Spread Follows Loss of Restraint

Recent work had suggested previously unknown functions for circRNAs, including their binding with proteins that attach to RNA to influence cell functions. Specifically, the new study reveals that metastasis of melanomas proceeds when the interaction between CDR1as and the RNA-binding protein IGF2BP3 is disrupted.

If CDR1as is active, researchers say, IGF2BP3 proteins bind to its circular RNA molecules, instead of attaching to other RNAs that code for pro-metastatic proteins. When CDR1as was removed using molecular techniques, IGF2BP3 was free to promote cancer cell invasion, which occurs when cells penetrate skin layers and spread to distant organs.

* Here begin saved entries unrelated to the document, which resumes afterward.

lemma lex_less_trans:
  "length a = length b \<Longrightarrow> length b = length c \<Longrightarrow> lex_less a b \<Longrightarrow> lex_less b c \<Longrightarrow> lex_less a c"
  by (metis lex_less_iff_lexord lexord_trans trans_less_than)

lemma lex_less_total:
  "length a = length b \<Longrightarrow> a \<noteq> b \<Longrightarrow> lex_less a b \<or> lex_less b a"
  using total_lexord[OF total_less_than] unfolding total_on_def by (simp add: lex_less_iff_lexord)

lemma lex_less_Cons:
  "length x = length y \<Longrightarrow> lex_less (a # x) (b # y) \<longleftrightarrow> a < b \<or> (a = b \<and> lex_less x y)"
  by (simp add: lex_less_iff_lexord)

lemma simR_commute: "simR R a b = simR R b a"
  unfolding simR_def by (auto simp: min_def max_def)

lemma simR_split: "a < b \<Longrightarrow> b < c \<Longrightarrow> simR R a c \<longleftrightarrow> simR R a b \<and> simR R b c"
proof -
  assume "a < b" "b < c"
  then have "{a..<c} = {a..<b} \<union> {b..<c}" by auto
  with \<open>a < b\<close> \<open>b < c\<close> show ?thesis unfolding simR_def by auto
qed

definition tiebreak :: "nat set \<Rightarrow> nat \<Rightarrow> nat \<Rightarrow> bool" where
  "tiebreak R i j \<longleftrightarrow> (i < j \<and> \<not> simR R i j) \<or> (j < i \<and> simR R i j)"

lemma tiebreak_irrefl: "\<not> tiebreak R i i"
  unfolding tiebreak_def by auto

lemma tiebreak_total: "i \<noteq> j \<Longrightarrow> tiebreak R i j \<or> tiebreak R j i"
  unfolding tiebreak_def by (metis simR_commute linorder_neqE_nat)
lemma dpd_iter_measurable:
  fixes f :: "nat \<Rightarrow> 'a::euclidean_space \<Rightarrow> real" and g :: "nat \<Rightarrow> 'a \<Rightarrow> 'a"
    and a :: "nat \<Rightarrow> real" and beta Pmax :: real and x0 :: 'a and l0 :: "nat \<Rightarrow> real"
  assumes X: "X \<noteq> {}" "closed X" "convex X" and Bd: "0 \<le> Bd"
    and f: "\<And>i. i \<le> N \<Longrightarrow> f i \<in> borel_measurable borel"
    and g: "\<And>i. i \<le> N \<Longrightarrow> g i \<in> borel_measurable borel"
    and h: "\<And>i j. h i j \<in> borel_measurable F"
    and n: "\<And>j. j < K \<Longrightarrow> n j \<in> borel_measurable F"
    and "j \<le> K"
  defines "it \<equiv> \<lambda>\<omega>. dpd_iter f g X N Bd beta Pmax a (\<lambda>i j. h i j \<omega>) (\<lambda>j. n j \<omega>) x0 l0"
  shows "(\<lambda>\<omega>. fst (it \<omega> j)) \<in> borel_measurable F \<and> (\<forall>i\<le>N. (\<lambda>\<omega>. snd (it \<omega> j) i) \<in> borel_measurable F)"
  using \<open>j \<le> K\<close>
proof (induction j)
  case 0
  then show ?case by (simp add: it_def)
next
  case (Suc j)
  define x where "x \<omega> = fst (it \<omega> j)" for \<omega>
  define lam where "lam \<omega> = snd (it \<omega> j)" for \<omega>
  from Suc have x: "x \<in> borel_measurable F" and lam: "\<And>i. i \<le> N \<Longrightarrow> (\<lambda>\<omega>. lam \<omega> i) \<in> borel_measurable F"
    unfolding x_def lam_def by auto
  have gx: "(\<lambda>\<omega>. g i (x \<omega>)) \<in> borel_measurable F" if "i \<le> N" for i
    using measurable_compose[OF x g[OF that]] by simp
  have fx: "(\<lambda>\<omega>. f i (x \<omega>)) \<in> borel_measurable F" if "i \<le> N" for i
    using measurable_compose[OF x f[OF that]] by simp
  have proj_X: "closest_point X \<in> borel_measurable borel"
    using X by (intro borel_measurable_continuous_onI continuous_on_closest_point) auto
  have proj_box: "closest_point {0..Bd} \<in> borel_measurable borel"
    using Bd by (intro borel_measurable_continuous_onI continuous_on_closest_point) auto
  have aggregate: "(\<lambda>\<omega>. \<Sum>i\<in>part_set g N beta Pmax (\<lambda>i. h i j \<omega>) (x \<omega>) (lam \<omega>). lam \<omega> i *\<^sub>R g i (x \<omega>))
      \<in> borel_measurable F"
    by (rule borel_measurable_sum_part_set) (use h lam gx in auto)
  have "(\<lambda>\<omega>. fst (it \<omega> (Suc j))) \<in> borel_measurable F"
    using Suc.prems by (auto simp: it_def x_def[unfolded it_def, symmetric] lam_def[unfolded it_def, symmetric]
        Let_def intro!: measurable_compose[OF _ proj_X] borel_measurable_diff borel_measurable_scaleR
          borel_measurable_add aggregate gx x n)
  moreover have "(\<lambda>\<omega>. snd (it \<omega> (Suc j)) i) \<in> borel_measurable F" if "i \<le> N" for i
    using that by (auto simp: it_def x_def[unfolded it_def, symmetric] lam_def[unfolded it_def, symmetric]
        Let_def intro!: measurable_compose[OF _ proj_box] borel_measurable_add
          borel_measurable_times lam fx)
  ultimately show ?case by blast
qed
(* Let $a_1,\dots,a_n\in S^d$. Algorithm 2.6 (described in the context) terminates after finitely many steps, for feasible as well as infeasible instances. It terminates either in step 2 with a point $x^k/\|x^k\|\in S^d$ satisfying $a_i^Tx^k\ge0$ for all $i$, or in step 3 with a positively spanning subset of $\{a_1,\dots,a_n\}$. In this sense it solves the spherical feasibility problem: find $x\in S^d$ with $a_i^Tx\ge0$ for all $i$, or show none exists.
   Context: $S^d$ is the unit sphere in $\mathbb{R}^{d+1}$ and $O$ is the origin. For $x\in S^d$, an index $m$ is a most violated constraint if $a_m^Tx=\min_j a_j^Tx$. A finite set $Q$ is positively spanning if it is affinely independent and $O\in\mathrm{conv}\,Q$. The touching sphere of an affinely independent $Q$ is the unique sphere $\{z:\|z-C\|=R\}$ with $C\in\mathrm{aff}\,Q$ containing $Q$. Algorithm 2.6: (1) Choose any $j$ and set $k=1$, $x^1=a_j$, $Q_1=\{a_j\}$. (2) If $x^k/\|x^k\|$ is feasible, stop. Otherwise let $m$ be the index of a most violated constraint for $x^k/\|x^k\|$, and set $y=x^k$. (3) If $Q_k\cup\{a_m\}$ is positively spanning, stop. (4) Compute the center $C$ of the touching sphere of $Q_k\cup\{a_m\}$. (5) If $C\in\mathrm{conv}(Q_k\cup\{a_m\})$, set $x^{k+1}=C$, $Q_{k+1}=Q_k\cup\{a_m\}$ and $k:=k+1$, then go to (2). (6) Otherwise, let $y$ be the point where the segment $\overline{yC}$ meets the relative boundary of $\mathrm{conv}(Q_k\cup\{a_m\})$. Let $F$ be a facet of $\mathrm{conv}(Q_k\cup\{a_m\})$ containing $y$, and let $a_j$ be the vertex of $Q_k$ not contained in $F$. Set $Q_k:=Q_k\setminus\{a_j\}$ and go to (4). *)

theory Defs
  imports "HOL-Analysis.Analysis"
begin

text \<open>Constraint vectors are a 0, ..., a (n-1) (the paper's a_1, ..., a_n), points of S^d
  inside a Euclidean space of type 'a (= R^(d+1)).\<close>

definition feasible :: "(nat \<Rightarrow> 'a::euclidean_space) \<Rightarrow> nat \<Rightarrow> 'a \<Rightarrow> bool" where
  "feasible a n x \<longleftrightarrow> (\<forall>i<n. a i \<bullet> x \<ge> 0)"

definition most_violated :: "(nat \<Rightarrow> 'a::euclidean_space) \<Rightarrow> nat \<Rightarrow> 'a \<Rightarrow> nat \<Rightarrow> bool" where
  "most_violated a n x m \<longleftrightarrow> m < n \<and> (\<forall>j<n. a m \<bullet> x \<le> a j \<bullet> x)"

definition positively_spanning :: "'a::euclidean_space set \<Rightarrow> bool" where
  "positively_spanning Q \<longleftrightarrow> finite Q \<and> \<not> affine_dependent Q \<and> 0 \<in> convex hull Q"

definition touching_center :: "'a::euclidean_space set \<Rightarrow> 'a" where
  "touching_center Q = (THE C. C \<in> affine hull Q \<and> (\<exists>R. \<forall>q\<in>Q. dist q C = R))"

text \<open>States of Algorithm 2.6:
  Main x Q        -- at step (2) with current point x^k and set Q_k;
  Inner Q am y    -- at step (4) with current (possibly reduced) Q_k, the added vector a_m, and y;
  StopFeasible p  -- stopped in step (2) returning p = x^k/||x^k||;
  StopSpanning P  -- stopped in step (3) returning P = Q_k \<union> {a_m}.\<close>
datatype 'v alg_state =
    Main 'v "'v set"
  | Inner "'v set" 'v 'v
  | StopFeasible 'v
  | StopSpanning "'v set"

inductive alg_step :: "(nat \<Rightarrow> 'a::euclidean_space) \<Rightarrow> nat \<Rightarrow> 'a alg_state \<Rightarrow> 'a alg_state \<Rightarrow> bool"
  for a :: "nat \<Rightarrow> 'a" and n :: nat where
  stop_feasible:
    "feasible a n (x /\<^sub>R norm x) \<Longrightarrow>
     alg_step a n (Main x Q) (StopFeasible (x /\<^sub>R norm x))"
| stop_spanning:
    "\<not> feasible a n (x /\<^sub>R norm x) \<Longrightarrow> most_violated a n (x /\<^sub>R norm x) m \<Longrightarrow>
     positively_spanning (insert (a m) Q) \<Longrightarrow>
     alg_step a n (Main x Q) (StopSpanning (insert (a m) Q))"
| to_inner:
    "\<not> feasible a n (x /\<^sub>R norm x) \<Longrightarrow> most_violated a n (x /\<^sub>R norm x) m \<Longrightarrow>
     \<not> positively_spanning (insert (a m) Q) \<Longrightarrow>
     alg_step a n (Main x Q) (Inner Q (a m) x)"
| accept:
    "\<not> affine_dependent (insert am Q) \<Longrightarrow> C = touching_center (insert am Q) \<Longrightarrow>
     C \<in> convex hull (insert am Q) \<Longrightarrow>
     alg_step a n (Inner Q am y) (Main C (insert am Q))"
| drop:
    "\<not> affine_dependent (insert am Q) \<Longrightarrow> C = touching_center (insert am Q) \<Longrightarrow>
     C \<notin> convex hull (insert am Q) \<Longrightarrow>
     y' \<in> closed_segment y C \<Longrightarrow> y' \<in> rel_frontier (convex hull (insert am Q)) \<Longrightarrow>
     open_segment y' C \<inter> convex hull (insert am Q) = {} \<Longrightarrow>
     F facet_of convex hull (insert am Q) \<Longrightarrow> y' \<in> F \<Longrightarrow>
     aj \<in> Q \<Longrightarrow> aj \<notin> F \<Longrightarrow>
     alg_step a n (Inner Q am y) (Inner (Q - {aj}) am y')"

The study identifies the source of CDR1as in cells as LINC00632, an example of yet another class of RNA called long noncoding RNA. Experiments revealed further that an “epigenetic” mechanism in melanoma cells silences the LINC00632 gene, which halts CDR1as production.

Epigenetic changes adjust the operation of genes without changing their DNA itself, researchers say.  These include the attachment of molecules called methyl groups to histones, the “spools” around which DNA chains are wrapped. Methylation status determines whether a given stretch of DNA is unwound and accessible; or instead compacted, with the genes residing there silenced, researchers say.

The new study found that a particular histone methylation, H3K27me3, silences the gene for LINC00632 in melanoma cells starting to spread, which come to lack CDR1as. The authors say that this interaction could represent a mechanism that helps cells migrate during normal fetal development, but that then drives cancer spread when it mistakenly re-occurs in tumors.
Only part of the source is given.